Locate the line that contains "x0 x < 4 * r0" in the entries below, then repeat it and every following line through the line that contains "unfolding \<open>y = P", exactly, and no others.
== Extracted information
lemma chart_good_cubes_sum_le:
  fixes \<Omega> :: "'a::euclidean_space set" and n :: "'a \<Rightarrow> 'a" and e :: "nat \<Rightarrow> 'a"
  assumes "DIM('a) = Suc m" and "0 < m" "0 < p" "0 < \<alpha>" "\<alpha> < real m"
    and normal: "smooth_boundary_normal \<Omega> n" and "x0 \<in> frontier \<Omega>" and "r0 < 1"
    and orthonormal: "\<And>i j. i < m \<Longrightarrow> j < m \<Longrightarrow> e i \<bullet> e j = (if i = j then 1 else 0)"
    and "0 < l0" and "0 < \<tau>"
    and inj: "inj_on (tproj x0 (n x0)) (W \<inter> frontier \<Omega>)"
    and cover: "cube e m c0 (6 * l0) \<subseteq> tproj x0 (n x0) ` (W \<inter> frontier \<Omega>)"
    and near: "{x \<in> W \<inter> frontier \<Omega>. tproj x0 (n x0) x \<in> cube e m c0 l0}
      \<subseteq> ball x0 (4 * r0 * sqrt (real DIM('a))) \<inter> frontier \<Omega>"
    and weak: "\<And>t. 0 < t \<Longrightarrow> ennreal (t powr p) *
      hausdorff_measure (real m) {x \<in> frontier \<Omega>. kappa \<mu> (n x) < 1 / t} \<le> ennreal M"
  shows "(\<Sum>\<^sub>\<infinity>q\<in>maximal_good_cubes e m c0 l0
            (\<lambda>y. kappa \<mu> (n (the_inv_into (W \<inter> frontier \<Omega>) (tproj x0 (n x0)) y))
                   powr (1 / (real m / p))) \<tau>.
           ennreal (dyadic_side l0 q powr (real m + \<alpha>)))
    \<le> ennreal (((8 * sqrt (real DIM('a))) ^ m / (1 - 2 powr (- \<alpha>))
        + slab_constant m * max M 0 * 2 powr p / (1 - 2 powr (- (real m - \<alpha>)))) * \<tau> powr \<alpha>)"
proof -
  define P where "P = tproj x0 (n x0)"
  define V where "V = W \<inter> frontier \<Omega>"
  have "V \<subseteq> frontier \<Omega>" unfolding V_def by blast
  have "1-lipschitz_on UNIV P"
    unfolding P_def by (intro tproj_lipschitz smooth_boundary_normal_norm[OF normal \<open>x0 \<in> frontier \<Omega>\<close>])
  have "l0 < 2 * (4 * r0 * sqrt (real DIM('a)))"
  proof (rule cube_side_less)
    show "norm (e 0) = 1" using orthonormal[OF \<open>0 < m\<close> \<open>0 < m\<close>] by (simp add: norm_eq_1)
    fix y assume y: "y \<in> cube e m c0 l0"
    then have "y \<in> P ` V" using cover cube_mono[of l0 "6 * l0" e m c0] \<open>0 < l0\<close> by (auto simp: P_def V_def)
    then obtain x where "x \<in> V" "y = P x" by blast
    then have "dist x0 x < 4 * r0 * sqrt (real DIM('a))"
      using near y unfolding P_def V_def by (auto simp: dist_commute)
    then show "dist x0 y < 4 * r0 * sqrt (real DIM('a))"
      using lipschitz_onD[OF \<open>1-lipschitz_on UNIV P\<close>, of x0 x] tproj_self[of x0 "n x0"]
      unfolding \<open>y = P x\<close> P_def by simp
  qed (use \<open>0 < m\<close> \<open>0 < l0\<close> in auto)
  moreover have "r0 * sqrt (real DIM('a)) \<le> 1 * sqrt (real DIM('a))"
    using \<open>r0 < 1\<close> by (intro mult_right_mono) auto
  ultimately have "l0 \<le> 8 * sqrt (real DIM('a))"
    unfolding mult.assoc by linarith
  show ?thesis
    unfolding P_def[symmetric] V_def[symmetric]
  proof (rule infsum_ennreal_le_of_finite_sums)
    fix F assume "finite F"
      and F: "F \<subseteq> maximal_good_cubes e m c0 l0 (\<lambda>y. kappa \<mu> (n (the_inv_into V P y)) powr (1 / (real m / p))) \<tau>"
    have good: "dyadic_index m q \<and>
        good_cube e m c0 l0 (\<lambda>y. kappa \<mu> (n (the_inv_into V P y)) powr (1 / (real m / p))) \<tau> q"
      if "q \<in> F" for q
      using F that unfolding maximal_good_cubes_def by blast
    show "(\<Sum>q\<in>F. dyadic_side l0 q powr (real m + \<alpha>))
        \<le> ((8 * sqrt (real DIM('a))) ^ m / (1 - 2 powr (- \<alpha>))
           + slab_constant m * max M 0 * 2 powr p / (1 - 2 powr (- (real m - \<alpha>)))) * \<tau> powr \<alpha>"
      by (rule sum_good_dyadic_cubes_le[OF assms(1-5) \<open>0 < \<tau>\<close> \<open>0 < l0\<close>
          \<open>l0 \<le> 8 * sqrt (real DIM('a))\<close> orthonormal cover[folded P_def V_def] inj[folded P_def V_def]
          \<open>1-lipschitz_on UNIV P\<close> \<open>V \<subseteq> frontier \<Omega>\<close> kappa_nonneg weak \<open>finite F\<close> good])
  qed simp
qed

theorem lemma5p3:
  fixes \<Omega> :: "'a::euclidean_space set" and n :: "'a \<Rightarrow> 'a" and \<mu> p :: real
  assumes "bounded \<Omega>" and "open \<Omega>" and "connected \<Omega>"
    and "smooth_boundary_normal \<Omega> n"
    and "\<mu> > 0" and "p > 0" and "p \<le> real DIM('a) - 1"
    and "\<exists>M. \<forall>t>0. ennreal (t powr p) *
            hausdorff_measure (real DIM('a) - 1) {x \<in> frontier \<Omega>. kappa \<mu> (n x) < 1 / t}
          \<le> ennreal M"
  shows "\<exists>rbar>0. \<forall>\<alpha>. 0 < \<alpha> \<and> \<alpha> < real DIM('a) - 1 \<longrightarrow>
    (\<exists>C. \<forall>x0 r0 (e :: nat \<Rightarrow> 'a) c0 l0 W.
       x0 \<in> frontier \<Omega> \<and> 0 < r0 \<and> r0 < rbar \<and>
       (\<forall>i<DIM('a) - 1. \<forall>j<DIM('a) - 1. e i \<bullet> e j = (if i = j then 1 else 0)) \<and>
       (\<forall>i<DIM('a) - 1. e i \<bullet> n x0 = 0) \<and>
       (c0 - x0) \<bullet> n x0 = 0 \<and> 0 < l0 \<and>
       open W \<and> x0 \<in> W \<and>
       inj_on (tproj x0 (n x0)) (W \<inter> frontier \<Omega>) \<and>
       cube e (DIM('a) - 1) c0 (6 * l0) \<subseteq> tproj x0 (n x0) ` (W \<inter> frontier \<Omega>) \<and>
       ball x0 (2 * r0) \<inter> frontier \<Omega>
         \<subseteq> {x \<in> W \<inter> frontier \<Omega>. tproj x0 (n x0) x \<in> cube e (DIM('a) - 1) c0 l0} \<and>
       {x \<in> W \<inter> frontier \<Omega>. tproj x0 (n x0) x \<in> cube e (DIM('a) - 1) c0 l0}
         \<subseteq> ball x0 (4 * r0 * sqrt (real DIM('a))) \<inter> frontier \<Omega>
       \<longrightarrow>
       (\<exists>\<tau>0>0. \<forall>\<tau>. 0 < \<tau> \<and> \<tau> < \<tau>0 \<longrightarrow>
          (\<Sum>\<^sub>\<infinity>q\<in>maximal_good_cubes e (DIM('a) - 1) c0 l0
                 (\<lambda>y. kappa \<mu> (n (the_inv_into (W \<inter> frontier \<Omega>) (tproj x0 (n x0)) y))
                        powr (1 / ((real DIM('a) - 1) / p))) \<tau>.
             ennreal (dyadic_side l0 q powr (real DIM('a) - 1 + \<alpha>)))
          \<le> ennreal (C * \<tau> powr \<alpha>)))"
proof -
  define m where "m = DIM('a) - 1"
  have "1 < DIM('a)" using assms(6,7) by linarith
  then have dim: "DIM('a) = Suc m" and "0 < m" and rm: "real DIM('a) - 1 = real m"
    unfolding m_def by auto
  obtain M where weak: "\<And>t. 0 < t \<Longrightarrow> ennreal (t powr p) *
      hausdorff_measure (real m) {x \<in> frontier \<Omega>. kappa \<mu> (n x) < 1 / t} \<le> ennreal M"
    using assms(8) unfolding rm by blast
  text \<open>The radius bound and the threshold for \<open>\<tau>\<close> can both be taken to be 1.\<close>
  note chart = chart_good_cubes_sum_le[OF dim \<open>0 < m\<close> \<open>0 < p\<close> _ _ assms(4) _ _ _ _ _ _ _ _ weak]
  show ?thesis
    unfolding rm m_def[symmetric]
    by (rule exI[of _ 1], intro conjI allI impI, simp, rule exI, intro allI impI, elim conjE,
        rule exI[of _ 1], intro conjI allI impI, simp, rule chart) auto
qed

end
====
== Extracted information
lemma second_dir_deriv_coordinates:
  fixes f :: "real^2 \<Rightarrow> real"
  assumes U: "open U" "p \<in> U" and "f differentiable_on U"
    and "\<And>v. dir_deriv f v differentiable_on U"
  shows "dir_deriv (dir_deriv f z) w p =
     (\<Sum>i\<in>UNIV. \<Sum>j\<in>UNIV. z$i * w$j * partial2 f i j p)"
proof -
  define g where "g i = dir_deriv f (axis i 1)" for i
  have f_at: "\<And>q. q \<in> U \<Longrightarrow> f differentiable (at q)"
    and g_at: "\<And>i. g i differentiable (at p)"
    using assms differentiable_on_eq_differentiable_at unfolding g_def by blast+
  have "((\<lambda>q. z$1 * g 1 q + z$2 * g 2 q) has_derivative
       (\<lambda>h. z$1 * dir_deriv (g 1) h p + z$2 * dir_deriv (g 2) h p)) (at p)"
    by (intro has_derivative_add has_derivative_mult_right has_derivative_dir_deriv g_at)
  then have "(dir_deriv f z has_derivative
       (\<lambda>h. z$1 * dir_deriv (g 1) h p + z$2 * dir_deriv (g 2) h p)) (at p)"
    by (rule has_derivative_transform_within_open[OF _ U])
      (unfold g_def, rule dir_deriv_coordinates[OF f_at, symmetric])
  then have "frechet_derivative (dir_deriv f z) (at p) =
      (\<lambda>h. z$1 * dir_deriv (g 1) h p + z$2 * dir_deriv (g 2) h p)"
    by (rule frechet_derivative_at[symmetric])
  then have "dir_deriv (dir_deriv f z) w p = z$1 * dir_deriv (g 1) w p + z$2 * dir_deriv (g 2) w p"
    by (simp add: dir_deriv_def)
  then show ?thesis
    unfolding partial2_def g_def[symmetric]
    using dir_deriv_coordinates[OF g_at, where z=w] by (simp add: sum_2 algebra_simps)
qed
====
Output of the task -
    then have "dist x0 x < 4 * r0 * sqrt (real DIM('a))"
      using near y unfolding P_def V_def by (auto simp: dist_commute)
    then show "dist x0 y < 4 * r0 * sqrt (real DIM('a))"
      using lipschitz_onD[OF \<open>1-lipschitz_on UNIV P\<close>, of x0 x] tproj_self[of x0 "n x0"]
      unfolding \<open>y = P x\<close> P_def by simp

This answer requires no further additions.